In our analysis of survival data using a simple and yet easily adaptable application of the g-formula, we estimated the effects on mortality of an intervention to prevent graft-versus-host disease immediately after bone marrow transplant. Almost 60% of the bone marrow transplant patients in this cohort experienced graft-versus-host disease under the natural course; however, compared with a hypothetical intervention to prevent graft-versus-host disease, under the natural course we observed an increase in the relative mortality hazard of only 10%. Preventing graft-versus-host disease does not appear to markedly reduce mortality risk because other factors that influence the risk of subsequent mortality, such as leukemia relapse, are not decreased by the hypothetical intervention to prevent graft-versus-host disease.
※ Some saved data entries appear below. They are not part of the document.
text \<open>Let \<open>a\<^sub>j\<close> be the columns of \<open>A\<close> and \<open>e\<^sub>j = a\<^sub>j - \<Pi>\<^sub>T a\<^sub>j\<close> their residuals
  with respect to \<open>T\<close>. Since \<open>|\<Pi>\<^sub>S a|\<^sup>2 - |\<Pi>\<^sub>T a|\<^sup>2 \<le> 2 \<langle>\<Pi>\<^sub>S a, \<Pi>\<^sub>S e\<rangle>\<close>,
  Cauchy-Schwarz gives \<open>(f\<^sub>A(S) - f\<^sub>A(T))\<^sup>2 \<le> 4 f\<^sub>A(S) \<Sum>\<^sub>j |\<Pi>\<^sub>S e\<^sub>j|\<^sup>2\<close>.
  Expanding \<open>\<Pi>\<^sub>S e\<^sub>j\<close> in the vectors of \<open>S\<close>, the definition of \<open>\<sigma>\<^sub>m\<^sub>i\<^sub>n(S)\<close> bounds
  \<open>\<sigma>\<^sub>m\<^sub>i\<^sub>n(S) |\<Pi>\<^sub>S e\<^sub>j|\<^sup>2\<close> by \<open>\<Sum>\<^sub>v\<^sub>\<in>\<^sub>S \<langle>v, e\<^sub>j\<rangle>\<^sup>2\<close>, so some \<open>v \<in> S\<close> has
  \<open>\<Sum>\<^sub>j \<langle>v, e\<^sub>j\<rangle>\<^sup>2\<close> at least the average, which is the claimed bound. Finally, adding a
  unit vector \<open>v\<close> to \<open>T\<close> raises \<open>|\<Pi> a\<^sub>j|\<^sup>2\<close> by at least \<open>\<langle>v, e\<^sub>j\<rangle>\<^sup>2\<close>, as one sees by
  projecting \<open>e\<^sub>j\<close> onto the new direction \<open>v - \<Pi>\<^sub>T v\<close>.\<close>

lemma proj_span_char:
  fixes V :: "'a::euclidean_space set"
  shows "proj_span V x \<in> span V \<and> (\<forall>w\<in>span V. (x - proj_span V x) \<bullet> w = 0)"
proof -
  let ?P = "\<lambda>p. p \<in> span V \<and> (\<forall>w\<in>span V. (x - p) \<bullet> w = 0)"
  obtain y z where y: "y \<in> span V" and z: "\<And>w. w \<in> span V \<Longrightarrow> orthogonal z w"
    and xyz: "x = y + z" using orthogonal_subspace_decomp_exists[of V x] by blast
  have ex: "?P y"
    using y z xyz by (simp add: orthogonal_def)
  have uniq: "p = y" if "?P p" for p
  proof -
    have "p - y \<in> span V" using that y by (intro span_diff) auto
    then have "(x - y) \<bullet> (p - y) = 0" "(x - p) \<bullet> (p - y) = 0" using ex that by auto
    then have "(p - y) \<bullet> (p - y) = 0" by (simp add: inner_diff_left)
    then show ?thesis by simp
  qed
  show ?thesis unfolding proj_span_def by (rule theI[of ?P, OF ex uniq])
qed

lemma proj_span_in_span: "proj_span V (x::'a::euclidean_space) \<in> span V"
  using proj_span_char by blast

lemma proj_span_orthogonal: "w \<in> span V \<Longrightarrow> (x - proj_span V (x::'a::euclidean_space)) \<bullet> w = 0"
  using proj_span_char by blast

lemma proj_span_eqI:
  fixes x :: "'a::euclidean_space"
  assumes p: "p \<in> span V" and orth: "\<And>w. w \<in> span V \<Longrightarrow> (x - p) \<bullet> w = 0"
  shows "proj_span V x = p"
proof -
  let ?q = "proj_span V x"
  have "?q - p \<in> span V" by (intro span_diff p proj_span_in_span)
  then have "(x - ?q) \<bullet> (?q - p) = 0" "(x - p) \<bullet> (?q - p) = 0"
    using proj_span_orthogonal orth by auto
  then have "(?q - p) \<bullet> (?q - p) = 0" by (simp add: inner_diff_left)
  then show ?thesis by simp
qed

lemma linear_proj_span: "linear (proj_span (V::'a::euclidean_space set))"
proof (rule linearI)
  fix x y :: 'a
  show "proj_span V (x + y) = proj_span V x + proj_span V y"
  proof (rule proj_span_eqI)
    show "proj_span V x + proj_span V y \<in> span V" by (intro span_add proj_span_in_span)
    fix w assume "w \<in> span V"
    then have "(x - proj_span V x) \<bullet> w + (y - proj_span V y) \<bullet> w = 0"
      by (simp add: proj_span_orthogonal)
    then show "(x + y - (proj_span V x + proj_span V y)) \<bullet> w = 0"
      by (simp add: algebra_simps inner_diff_left inner_add_left)
  qed
next
  fix c :: real and x :: 'a
  show "proj_span V (c *\<^sub>R x) = c *\<^sub>R proj_span V x"
  proof (rule proj_span_eqI)
    show "c *\<^sub>R proj_span V x \<in> span V" by (simp add: span_mul proj_span_in_span)
    fix w assume "w \<in> span V"
    then have "c * ((x - proj_span V x) \<bullet> w) = 0" by (simp add: proj_span_orthogonal)
    then show "(c *\<^sub>R x - c *\<^sub>R proj_span V x) \<bullet> w = 0"
      by (simp add: algebra_simps inner_diff_left)
  qed
qed

lemma orthogonal_sub_proj_span:
  "z \<in> span V \<Longrightarrow> orthogonal (x - proj_span V (x::'a::euclidean_space)) z"
  unfolding orthogonal_def by (rule proj_span_orthogonal)

lemma inner_proj_span_self: "proj_span V x \<bullet> (x::'a::euclidean_space) = (norm (proj_span V x))\<^sup>2"
proof -
  have "(x - proj_span V x) \<bullet> proj_span V x = 0" by (rule proj_span_orthogonal[OF proj_span_in_span])
  then show ?thesis by (simp only: inner_diff_left inner_commute[of x] power2_norm_eq_inner)
qed

lemma inner_proj_span_left:
  "proj_span V x \<bullet> (y::'a::euclidean_space) = proj_span V x \<bullet> proj_span V y"
proof -
  have "(y - proj_span V y) \<bullet> proj_span V x = 0" by (rule proj_span_orthogonal[OF proj_span_in_span])
  then show ?thesis by (simp only: inner_diff_left inner_commute[of y] inner_commute[of "proj_span V y"])
qed

lemma norm_proj_span_pythagoras:
  "(norm (x::'a::euclidean_space))\<^sup>2 = (norm (proj_span V x))\<^sup>2 + (norm (x - proj_span V x))\<^sup>2"
proof -
  have "orthogonal (x - proj_span V x) (proj_span V x)"
    by (rule orthogonal_sub_proj_span[OF proj_span_in_span])
  from norm_add_Pythagorean[OF this] show ?thesis by simp
qed

lemma norm_sub_proj_span_le:
  assumes "z \<in> span V"
  shows "(norm ((x::'a::euclidean_space) - proj_span V x))\<^sup>2 \<le> (norm (x - z))\<^sup>2"
proof -
  have "proj_span V x - z \<in> span V" by (intro span_diff assms proj_span_in_span)
  from norm_add_Pythagorean[OF orthogonal_sub_proj_span[OF this, of x]]
  have "(norm (x - z))\<^sup>2 = (norm (x - proj_span V x))\<^sup>2 + (norm (proj_span V x - z))\<^sup>2"
    by simp
  then show ?thesis by (metis le_add_same_cancel1 zero_le_power2)
qed

lemma f_mat_eq_sum_columns:
  fixes A :: "real^'n^'m"
  shows "f_mat A V = (\<Sum>j\<in>UNIV. (norm (proj_span V (column j A)))\<^sup>2)"
proof -
  have entry: "(proj_matrix V ** A) $ i $ j = proj_span V (column j A) $ i" for i j
  proof -
    have "(proj_matrix V ** A) $ i $ j = (proj_matrix V *v column j A) $ i"
      by (simp add: matrix_matrix_mult_def matrix_vector_mult_def column_def)
    also have "proj_matrix V *v column j A = proj_span V (column j A)"
      unfolding proj_matrix_def by (simp add: matrix_works linear_proj_span)
    finally show ?thesis .
  qed
  have norm_sq: "(norm (v::real^'m))\<^sup>2 = (\<Sum>i\<in>UNIV. (v $ i)\<^sup>2)" for v
    unfolding power2_norm_eq_inner inner_vec_def by (simp add: power2_eq_square)
  show ?thesis
    unfolding f_mat_def frob_sq_def entry norm_sq by (rule sum.swap)
qed

lemma norm_proj_span_diff_le:
  fixes a :: "'a::euclidean_space"
  shows "(norm (proj_span S a))\<^sup>2 - (norm (proj_span T a))\<^sup>2
     \<le> 2 * (proj_span S a \<bullet> proj_span S (a - proj_span T a))"
proof -
  let ?s = "proj_span S a" and ?t = "proj_span T a"
  have "?s \<bullet> proj_span S (a - ?t) = ?s \<bullet> a - ?s \<bullet> ?t"
    by (simp add: inner_proj_span_left[symmetric] inner_diff_right)
  moreover have "?s \<bullet> ?t = ((norm ?s)\<^sup>2 + (norm ?t)\<^sup>2 - (norm (?s - ?t))\<^sup>2) / 2"
    by (rule dot_norm_neg)
  ultimately show ?thesis
    using inner_proj_span_self[of S a] zero_le_power2[of "norm (?s - ?t)"] by argo
qed

lemma norm_proj_span_insert_ge:
  fixes a v :: "'a::euclidean_space"
  assumes "norm v \<le> 1"
  shows "(v \<bullet> (a - proj_span T a))\<^sup>2
     \<le> (norm (proj_span (insert v T) a))\<^sup>2 - (norm (proj_span T a))\<^sup>2"
proof -
  define e where "e = a - proj_span T a"
  define w where "w = v - proj_span T v"
  define l where "l = e \<bullet> w"
  have span_T: "span T \<subseteq> span (insert v T)" by (rule span_mono) auto
  have "w \<in> span (insert v T)"
    unfolding w_def using span_T proj_span_in_span[of T v]
    by (intro span_diff) (auto intro: span_base)
  then have "proj_span T a + l *\<^sub>R w \<in> span (insert v T)"
    using span_T proj_span_in_span[of T a] by (intro span_add span_mul) auto
  from norm_sub_proj_span_le[OF this, of a]
  have "(norm (proj_span (insert v T) a))\<^sup>2 \<ge> (norm a)\<^sup>2 - (norm (e - l *\<^sub>R w))\<^sup>2"
    using norm_proj_span_pythagoras[of a "insert v T"] by (simp add: e_def algebra_simps)
  moreover have "(norm (proj_span T a))\<^sup>2 = (norm a)\<^sup>2 - (norm e)\<^sup>2"
    using norm_proj_span_pythagoras[of a T] unfolding e_def by linarith
  moreover have "(norm (e - l *\<^sub>R w))\<^sup>2 = (norm e)\<^sup>2 - 2 * l\<^sup>2 + l\<^sup>2 * (norm w)\<^sup>2"
    unfolding power2_norm_eq_inner l_def
    by (simp add: inner_diff_left inner_diff_right inner_commute power2_eq_square algebra_simps)
  moreover have "l\<^sup>2 * (norm w)\<^sup>2 \<le> l\<^sup>2"
  proof -
    have "(norm w)\<^sup>2 \<le> (norm v)\<^sup>2"
      using norm_proj_span_pythagoras[of v T] unfolding w_def by simp
    also have "\<dots> \<le> 1" using assms by (simp add: power_le_one)
    finally show ?thesis by (simp add: mult_left_le)
  qed
  ultimately have "l\<^sup>2 \<le> (norm (proj_span (insert v T) a))\<^sup>2 - (norm (proj_span T a))\<^sup>2"
    by linarith
  moreover have "l = v \<bullet> e"
  proof -
    have "e \<bullet> proj_span T v = 0" unfolding e_def by (rule proj_span_orthogonal[OF proj_span_in_span])
    then show ?thesis unfolding l_def w_def by (simp add: inner_diff_right inner_commute)
  qed
  ultimately show ?thesis unfolding e_def by simp
qed

lemma sigma_min_nonneg:
  fixes S :: "(real^'m) set"
  assumes "finite S" and "S \<noteq> {}"
  shows "0 \<le> sigma_min S"
proof -
  obtain v0 where v0: "v0 \<in> S" using assms by blast
  let ?x = "\<lambda>v. if v = v0 then 1 else (0::real)"
  have "(\<Sum>v\<in>S. (?x v)\<^sup>2) = (\<Sum>v\<in>S. if v = v0 then 1 else 0)"
    by (rule sum.cong) auto
  also have "\<dots> = 1" using v0 assms(1) by (simp add: sum.delta)
  finally have "(norm (\<Sum>v\<in>S. ?x v *\<^sub>R v))\<^sup>2
      \<in> {(norm (\<Sum>v\<in>S. x v *\<^sub>R v))\<^sup>2 | x. (\<Sum>v\<in>S. (x v)\<^sup>2) = 1}"
    by (intro CollectI exI[of _ ?x]) simp
  then show ?thesis unfolding sigma_min_def by (intro cInf_greatest) auto
qed

lemma sigma_min_mult_sum_sq_le:
  fixes S :: "(real^'m) set"
  shows "sigma_min S * (\<Sum>v\<in>S. (c v)\<^sup>2) \<le> (norm (\<Sum>v\<in>S. c v *\<^sub>R v))\<^sup>2"
proof (cases "(\<Sum>v\<in>S. (c v)\<^sup>2) = 0")
  case False
  define C where "C = (\<Sum>v\<in>S. (c v)\<^sup>2)"
  have C_pos: "C > 0" using False sum_nonneg[of S "\<lambda>v. (c v)\<^sup>2"] unfolding C_def by fastforce
  define x where "x = (\<lambda>v. c v / sqrt C)"
  have "(\<Sum>v\<in>S. (x v)\<^sup>2) = (\<Sum>v\<in>S. (c v)\<^sup>2) / C"
    unfolding x_def using C_pos by (simp add: power_divide sum_divide_distrib)
  then have unit: "(\<Sum>v\<in>S. (x v)\<^sup>2) = 1" using C_pos unfolding C_def by simp
  have "sigma_min S \<le> (norm (\<Sum>v\<in>S. x v *\<^sub>R v))\<^sup>2"
    unfolding sigma_min_def using unit by (intro cInf_lower bdd_belowI[of _ 0]) auto
  also have "(\<Sum>v\<in>S. x v *\<^sub>R v) = (1 / sqrt C) *\<^sub>R (\<Sum>v\<in>S. c v *\<^sub>R v)"
    unfolding x_def scaleR_sum_right by simp
  also have "(norm \<dots>)\<^sup>2 = (norm (\<Sum>v\<in>S. c v *\<^sub>R v))\<^sup>2 / C"
    using C_pos by (simp add: power_mult_distrib power_divide)
  finally show ?thesis using C_pos unfolding C_def by (simp add: le_divide_eq)
qed simp

lemma sigma_min_mult_norm_proj_span_le:
  fixes S :: "(real^'m) set"
  assumes "finite S"
  shows "sigma_min S * (norm (proj_span S e))\<^sup>2 \<le> (\<Sum>v\<in>S. (v \<bullet> e)\<^sup>2)"
proof -
  define p where "p = proj_span S e"
  define R where "R = (\<Sum>v\<in>S. (v \<bullet> e)\<^sup>2)"
  have R_nonneg: "0 \<le> R" unfolding R_def by (intro sum_nonneg) auto
  obtain c where p_eq: "p = (\<Sum>v\<in>S. c v *\<^sub>R v)"
    using span_finite[OF assms] proj_span_in_span[of S e] unfolding p_def by auto
  have "(norm p)\<^sup>2 = (\<Sum>v\<in>S. c v * (v \<bullet> e))"
    unfolding p_def inner_proj_span_self[symmetric] by (simp add: p_eq[unfolded p_def] inner_sum_left)
  then have CS: "((norm p)\<^sup>2)\<^sup>2 \<le> (\<Sum>v\<in>S. (c v)\<^sup>2) * R"
    unfolding R_def by (simp add: Cauchy_Schwarz_ineq_sum)
  show ?thesis
  proof (cases "sigma_min S > 0 \<and> p \<noteq> 0")
    case True
    have "(norm p)\<^sup>2 * (sigma_min S * (norm p)\<^sup>2) \<le> sigma_min S * ((\<Sum>v\<in>S. (c v)\<^sup>2) * R)"
      using CS True by (simp add: power2_eq_square algebra_simps)
    also have "\<dots> \<le> (norm p)\<^sup>2 * R"
      using sigma_min_mult_sum_sq_le[of S c] R_nonneg unfolding p_eq[symmetric]
      by (simp add: mult.assoc[symmetric] mult_right_mono)
    finally show ?thesis using True unfolding p_def R_def by simp
  next
    case False
    then show ?thesis using R_nonneg unfolding p_def[symmetric] R_def[symmetric]
      by (auto intro: order_trans[OF mult_nonpos_nonneg])
  qed
qed

lemma ex_sum_le_card_mult:
  fixes g :: "'a \<Rightarrow> real"
  assumes "finite S" and "S \<noteq> {}"
  shows "\<exists>v\<in>S. sum g S \<le> real (card S) * g v"
proof (rule ccontr)
  assume "\<not> ?thesis"
  then have "(\<Sum>v\<in>S. real (card S) * g v) < (\<Sum>v\<in>S. sum g S)"
    using assms by (intro sum_strict_mono) auto
  then show False by (simp add: sum_distrib_left)
qed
Rather, preventing graft-versus-host disease may increase the rate of relapse: 42% of “pseudo-individuals” experienced relapse under the “prevented” intervention, whereas 33% experienced relapse under the “natural course.” These observations agree with the typically coincident occurrences of graft-versus-host disease and graft-versus-leukemia, in which donor cells attack residual leukemia cells in the transplant recipient and may help to prevent relapse. Graft-versus-host disease has been observed to correlate with a lower rate of leukemia relapse and is hypothesized to reduce the probability of relapse through immune mediation processes, of which normal platelet count is an indicator.1

Cox regression analysis with adjustment for time-varying covariates suggested a substantially higher mortality hazard for persons who have graft-versus-host disease when compared with those who do not have this disease. Because the Cox model cannot appropriately control time-varying confounding when the confounders are causal intermediates, we hypothesize that the Cox model overestimates the total effect of graft-versus host disease on mortality. Therefore, the difference between the g-formula estimate and the regression adjustment method may be due, in part, to over-adjustment, which introduces bias into our estimate of the total effect of graft-versus-host disease.23 In addition, another reason for the difference between the g-formula estimate and the adjusted Cox regression model estimate is that these analyses estimate different quantities. The g-formula yielded an estimate of the hazard ratio comparing the observed mortality in our cohort (the natural course) with the expected mortality in that cohort under the new treatment. The Cox model yielded an estimate of the mortality hazard for those with graft-versus-host disease compared with those without graft-versus-host disease.24

The g-formula can be used to estimate risk ratios or differences, which are easier to interpret and less subject to some biases than are hazard ratios.25 Like Westreich et al, 14 we have estimated hazard ratios as effect measures to ease the comparison with results from conventional methods. However, when a confounder is a strong predictor of the outcome, marginal hazard ratios from the g-formula and conditional hazard ratios from regression approaches may differ even if there is no time-varying confounding, a condition known as “non-collapsibility.”26 Because the set of time-varying covariates includes relapse, a strong predictor of mortality, this is not a trivial concern for our example, but adjustment via regression modeling simply replaces confounding bias with bias due to conditioning on an effect of the exposure. However, the g-formula estimates a hazard ratio we could observe in a population intervention (marginal, or standardized to the population), and is arguably more useful than a conditional hazard ratio when estimating the public health impact of interventions.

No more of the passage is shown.